First, you need to deal with the basic details.

Who’s the recipient? The types of flowers you send to your mother or a boss is different from a bouquet for your significant other. Red flowers may be romantic for your romantic partner but wildly inappropriate for a boss. Below is a basic guide on flower meanings to help you out. Of course, if you know the recipient’s favourite blooms, you’re already on the right track. It’s also helpful to find out if the recipient has allergies, so you can avoid certain flower choices. Check out this list of allergy-prone flowers to avoid.

What’s the occasion? Is it for Mother’s Day? Valentine’s Day? Or maybe there’s no special occasion and you just want to express your appreciation. Occasions can dictate not only the type of flowers you send, but also the floral arrangements for your bouquet.

Do you have a budget? Another detail to consider is your budget. If nothing else, this can narrow down your flower selection based on your price range.

Flower customs

Another key factor to consider are the customs of certain cultures. In order to avoid unintentionally offending your recipient, be aware of the basic dos and don’ts especially in a multi-cultural environment such as Singapore.

For example, the Chinese culture associate the lotus flower with wellness and purity. The lotus symbol appears quite a lot in their arts as well as religion. It is also in Chinese tradition to send flowers as gifts for unpleasant occasions. In particular, yellow chrysanthemums and white flowers are considered funereal flowers symbolising death. Alternatively, red flowers are considered auspicious, while poenies and orchids are associated with prosperity and luck, respectively.

Flower meanings

Below are some of the most popular flowers in Singapore along with their meanings:

Roses symbolise love and passion. This makes roses a staple during Valentine’s Day and anniversaries. They figure quite heavily in arts and poetry as metaphors for beauty and desire. While a red rose says “I love you,” white roses evokes loyalty and pure love. Other shades, such as pink, can convey admiration and blossoming love.

Orchids is growing in popularity because they are not only elegant, they’re also fairly low maintenance. They’re symbols for beauty and sophistication. Their exotic appeal articulates a sender’s admiration and romantic inclinations. It also illustrates the sender’s unique and refined taste.

Tulips is another favourite for romantic gestures. They represent perfect love and commitment. This sophisticated flower also exemplify elegance and grace.

Iris can be perfect for any occasion. Generally, they represent hope and devotion. Depending on colour, you can send purple irises for wisdom, yellow for passion, blue for faith and white for purity.

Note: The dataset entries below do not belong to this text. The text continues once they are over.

text \<open>A computation of the queue automaton on input w is determined by the
sequence of step choices ds (True = push the current input symbol,
False = match it against the leftmost queue symbol and pop that).
We track the queue as the list of input positions whose symbols it holds
(the queue contents as a word is  map (\<lambda>i. w ! i) (qstate w ds k) ).
qstate w ds k is the queue after the first k steps.\<close>
fun qstate :: "'a list \<Rightarrow> bool list \<Rightarrow> nat \<Rightarrow> nat list" where
  "qstate w ds 0 = []"
| "qstate w ds (Suc k) =
     (if ds ! k then qstate w ds k @ [k] else tl (qstate w ds k))"

definition accepting :: "'a list \<Rightarrow> bool list \<Rightarrow> bool" where
  "accepting w ds \<longleftrightarrow>
     length ds = length w
     \<and> (\<forall>k < length w. \<not> ds ! k \<longrightarrow>
          qstate w ds k \<noteq> [] \<and> w ! hd (qstate w ds k) = w ! k)
     \<and> qstate w ds (length w) = []"

definition vblk :: "nat \<Rightarrow> sym list" where
  "vblk j = [C1] @ replicate j X @ replicate j Y @ [C2]"

definition factors :: "nat \<Rightarrow> sym list list" where
  "factors l = map (\<lambda>m. vblk (l - m div 2)) [0..<2*l]"

definition Vword :: "nat \<Rightarrow> sym list" where
  "Vword l = concat (factors l)"

definition fstart :: "nat \<Rightarrow> nat \<Rightarrow> nat" where
  "fstart l m = length (concat (take m (factors l)))"

definition xblock :: "nat \<Rightarrow> nat \<Rightarrow> nat set" where
  "xblock l m = {fstart l m + 1 ..< fstart l m + 1 + (l - m div 2)}"

definition yblock :: "nat \<Rightarrow> nat \<Rightarrow> nat set" where
  "yblock l m = {fstart l m + 1 + (l - m div 2) ..< fstart l m + 1 + 2 * (l - m div 2)}"

end

theory Submission
  imports Defs
begin

text \<open>A pop needs the leftmost queue symbol to equal the input symbol. Hence a queue element
  whose symbol differs from all symbols read during a stretch of the computation survives it,
  and if it is at the front, everything read in the meantime is pushed.

  The first copy of \<open>v\<^sub>l\<close> is pushed completely. If the \<open>c\<^sub>1\<close> of the second copy is
  pushed, the first \<open>c\<^sub>1\<close> stays in front while the second \<open>x\<close>-block is pushed. If it is
  matched but some \<open>x\<close> of the second copy is pushed, an \<open>x\<close> of the first copy stays in front
  while the second \<open>y\<close>-block is pushed. Otherwise all these \<open>x\<close>'s are matched, so the
  second \<open>c\<^sub>2\<close> is pushed (this already contradicts acceptance when \<open>l = 1\<close>). The first
  \<open>c\<^sub>2\<close> cannot be matched by the \<open>y\<close>'s of the next factor \<open>v\<^sub>l\<^sub>-\<^sub>1\<close>, and its \<open>c\<^sub>2\<close> pops
  at most one element, so a \<open>y\<close> or \<open>c\<^sub>2\<close> is in front while the \<open>x\<close>-blocks of both copies
  of \<open>v\<^sub>l\<^sub>-\<^sub>1\<close> are pushed.\<close>

definition pushes :: "bool list \<Rightarrow> nat \<Rightarrow> nat \<Rightarrow> nat list" where
  "pushes ds k k' = filter (\<lambda>i. ds ! i) [k..<k']"

definition pops :: "bool list \<Rightarrow> nat \<Rightarrow> nat \<Rightarrow> nat" where
  "pops ds k k' = length (filter (\<lambda>i. \<not> ds ! i) [k..<k'])"

lemma pops_add_length_pushes: "k \<le> k' \<Longrightarrow> pops ds k k' + length (pushes ds k k') = k' - k"
  unfolding pops_def pushes_def using sum_length_filter_compl[of "\<lambda>i. ds ! i" "[k..<k']"] by simp

lemma pushes_eq_Nil_iff: "pushes ds k k' = [] \<longleftrightarrow> (\<forall>i\<in>{k..<k'}. \<not> ds ! i)"
  by (auto simp: pushes_def filter_empty_conv)

lemma pushes_if_no_pops: "pops ds k k' = 0 \<Longrightarrow> pushes ds k k' = [k..<k']"
  by (auto simp: pops_def pushes_def filter_empty_conv intro: filter_True)

lemma accepting_pop_matches:
  "accepting w ds \<Longrightarrow> k < length w \<Longrightarrow> \<not> ds ! k \<Longrightarrow>
     qstate w ds k \<noteq> [] \<and> w ! hd (qstate w ds k) = w ! k"
  by (simp add: accepting_def)

lemma qstate_keeps_unmatchable:
  assumes acc: "accepting w ds" and q: "qstate w ds k = R @ c # T"
    and le: "k \<le> k'" and len: "k' \<le> length w"
    and unmatchable: "\<forall>i\<in>{k..<k'}. w ! i \<noteq> w ! c"
  shows "qstate w ds k' = drop (pops ds k k') R @ c # T @ pushes ds k k' \<and> pops ds k k' \<le> length R"
  using le len unmatchable
proof (induction k' rule: dec_induct)
  case base
  then show ?case using q by (simp add: pops_def pushes_def)
next
  case (step n)
  then have IH: "qstate w ds n = drop (pops ds k n) R @ c # T @ pushes ds k n"
    and pops_le: "pops ds k n \<le> length R" by auto
  show ?case
  proof (cases "ds ! n")
    case True
    then show ?thesis using IH pops_le step.hyps by (simp add: pops_def pushes_def)
  next
    case False
    have "w ! hd (qstate w ds n) = w ! n"
      using accepting_pop_matches[OF acc _ False] step.prems(1) step.hyps by simp
    then have "pops ds k n < length R"
      using IH step.prems(2) step.hyps pops_le by (cases "pops ds k n = length R") auto
    then show ?thesis using IH False step.hyps by (simp add: pops_def pushes_def drop_Suc tl_drop)
  qed
qed

lemma qstate_front_stays:
  assumes "accepting w ds" and "qstate w ds k = c # T" and "k \<le> k'" and "k' \<le> length w"
    and "\<forall>i\<in>{k..<k'}. w ! i \<noteq> w ! c"
  shows "qstate w ds k' = c # T @ [k..<k']"
  using qstate_keeps_unmatchable[of w ds k "[]" c T k'] assms pushes_if_no_pops by simp

lemma qstate_one: "accepting w ds \<Longrightarrow> w \<noteq> [] \<Longrightarrow> qstate w ds 1 = [0]"
  using accepting_pop_matches[of w ds 0] by (cases "ds ! 0") auto

lemma nth_concat_take:
  assumes "m < length xss" "i < length (xss ! m)"
  shows "concat xss ! (length (concat (take m xss)) + i) = xss ! m ! i"
proof -
  have "concat xss = concat (take m xss) @ xss ! m @ concat (drop (Suc m) xss)"
    using id_take_nth_drop[OF assms(1)] by (metis concat.simps(2) concat_append)
  then show ?thesis using assms(2) by (simp add: nth_append)
qed

lemma length_factors [simp]: "length (factors l) = 2 * l"
  by (simp add: factors_def)

lemma factors_nth [simp]: "m < 2 * l \<Longrightarrow> factors l ! m = vblk (l - m div 2)"
  by (simp add: factors_def)

lemma length_vblk [simp]: "length (vblk j) = 2 * j + 2"
  by (simp add: vblk_def)

lemma fstart_0 [simp]: "fstart l 0 = 0"
  by (simp add: fstart_def)

lemma fstart_Suc [simp]: "m < 2 * l \<Longrightarrow> fstart l (Suc m) = fstart l m + 2 * (l - m div 2) + 2"
  by (simp add: fstart_def take_Suc_conv_app_nth)

lemma length_Vword: "length (Vword l) = fstart l (2 * l)"
  by (simp add: Vword_def fstart_def)

lemma fstart_mono: "m \<le> m' \<Longrightarrow> fstart l m \<le> fstart l m'"
  unfolding fstart_def by (metis append_take_drop_id concat_append le_add1 length_append take_take min_absorb1)

lemma fstart_le_length_Vword: "m \<le> 2 * l \<Longrightarrow> fstart l m \<le> length (Vword l)"
  using fstart_mono length_Vword by metis

lemma Vword_nth:
  "m < 2 * l \<Longrightarrow> i < 2 * (l - m div 2) + 2 \<Longrightarrow> Vword l ! (fstart l m + i) = vblk (l - m div 2) ! i"
  unfolding Vword_def fstart_def using nth_concat_take[of m "factors l" i] by simp

lemma vblk_nth:
  "i < 2 * j + 2 \<Longrightarrow> vblk j ! i = (if i = 0 then C1 else if i \<le> j then X else if i \<le> 2 * j then Y else C2)"
  by (auto simp: vblk_def nth_append nth_Cons')

lemma Vword_nth_in_factor:
  assumes "m < 2 * l" "fstart l m \<le> p" "p < fstart l (Suc m)"
  shows "Vword l ! p = (if p = fstart l m then C1 else if p \<le> fstart l m + (l - m div 2) then X
           else if p < fstart l (Suc m) - 1 then Y else C2)"
  using assms Vword_nth[of m l "p - fstart l m"] vblk_nth[of "p - fstart l m" "l - m div 2"]
  by (auto simp: le_diff_conv2)

lemma qstate_push: "ds ! k \<Longrightarrow> k' = Suc k \<Longrightarrow> qstate w ds k' = qstate w ds k @ [k]"
  by simp

lemma qstate_pop: "\<not> ds ! k \<Longrightarrow> k' = Suc k \<Longrightarrow> qstate w ds k' = tl (qstate w ds k)"
  by simp

declare qstate.simps(2) [simp del]

definition two_full_blocks :: "nat \<Rightarrow> nat set \<Rightarrow> bool" where
  "two_full_blocks l S \<longleftrightarrow> (\<exists>m1 < 2 * l. \<exists>m2 < 2 * l. m1 \<noteq> m2 \<and>
     (xblock l m1 \<subseteq> S \<and> xblock l m2 \<subseteq> S \<or> yblock l m1 \<subseteq> S \<and> yblock l m2 \<subseteq> S))"

lemma two_full_xblocksI:
  "m1 < 2 * l \<Longrightarrow> m2 < 2 * l \<Longrightarrow> m1 \<noteq> m2 \<Longrightarrow> xblock l m1 \<subseteq> S \<Longrightarrow> xblock l m2 \<subseteq> S \<Longrightarrow> two_full_blocks l S"
  unfolding two_full_blocks_def by blast

lemma two_full_yblocksI:
  "m1 < 2 * l \<Longrightarrow> m2 < 2 * l \<Longrightarrow> m1 \<noteq> m2 \<Longrightarrow> yblock l m1 \<subseteq> S \<Longrightarrow> yblock l m2 \<subseteq> S \<Longrightarrow> two_full_blocks l S"
  unfolding two_full_blocks_def by blast

locale V_accepting_run =
  fixes l :: nat and ds :: "bool list"
  assumes l_pos: "1 \<le> l" and accepting: "accepting (Vword l) ds"
begin

abbreviation w :: "sym list" where "w \<equiv> Vword l"

lemma fstart_1: "fstart l 1 = 2 * l + 2" and fstart_2: "fstart l 2 = 4 * l + 4"
  using l_pos fstart_Suc[of 0 l] fstart_Suc[of 1 l] by (simp_all add: numeral_2_eq_2)

lemma length_Vword_ge_two_factors: "4 * l + 4 \<le> length w"
  using fstart_le_length_Vword[of 2 l] l_pos unfolding fstart_2 by simp

lemma xblock_0: "xblock l 0 = {1..<l + 1}" and xblock_1: "xblock l 1 = {2 * l + 3..<3 * l + 3}"
  and yblock_0: "yblock l 0 = {l + 1..<2 * l + 1}" and yblock_1: "yblock l 1 = {3 * l + 3..<4 * l + 3}"
  unfolding xblock_def yblock_def fstart_1 by (simp_all add: numeral_3_eq_3)

lemma nth_first_factor: "p < 2 * l + 2 \<Longrightarrow> w ! p = (if p = 0 then C1 else if p \<le> l then X else if p \<le> 2 * l then Y else C2)"
  using Vword_nth_in_factor[of 0 l p] l_pos by (auto simp: fstart_1)

lemma nth_second_factor: "2 * l + 2 \<le> p \<Longrightarrow> p < 4 * l + 4 \<Longrightarrow>
    w ! p = (if p = 2 * l + 2 then C1 else if p \<le> 3 * l + 2 then X else if p \<le> 4 * l + 2 then Y else C2)"
  using Vword_nth_in_factor[of 1 l p] l_pos by (auto simp: fstart_1 fstart_2 numeral_2_eq_2)

lemma queue_after_first_factor: "qstate w ds (2 * l + 2) = 0 # [1..<2 * l + 2]"
  using accepting length_Vword_ge_two_factors nth_first_factor
  by (subst qstate_front_stays[where T = "[]"]) (auto intro: qstate_one split: if_splits)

Chrysanthemums are great for friendly affection. This “golden flower” is an allusion to positivity and prosperity. They’re usually given for loved ones who recuperating or a gesture of good will. Red chrysanthemums can indicate love, white can mean truth and yellow can symbolise jealousy.

Sunflowers are symbols of optimism. Its “sunny” aesthetic can lift anyone’s spirit, so you can send these blooms to someone who needs some cheering. Perhaps you’d also want to send them for some joy and inspiration. This is why a sunflower is usually a fail-safe choice for its positive message.

You can always consult your online florist for the meanings behind different flowers for the perfect bouquet.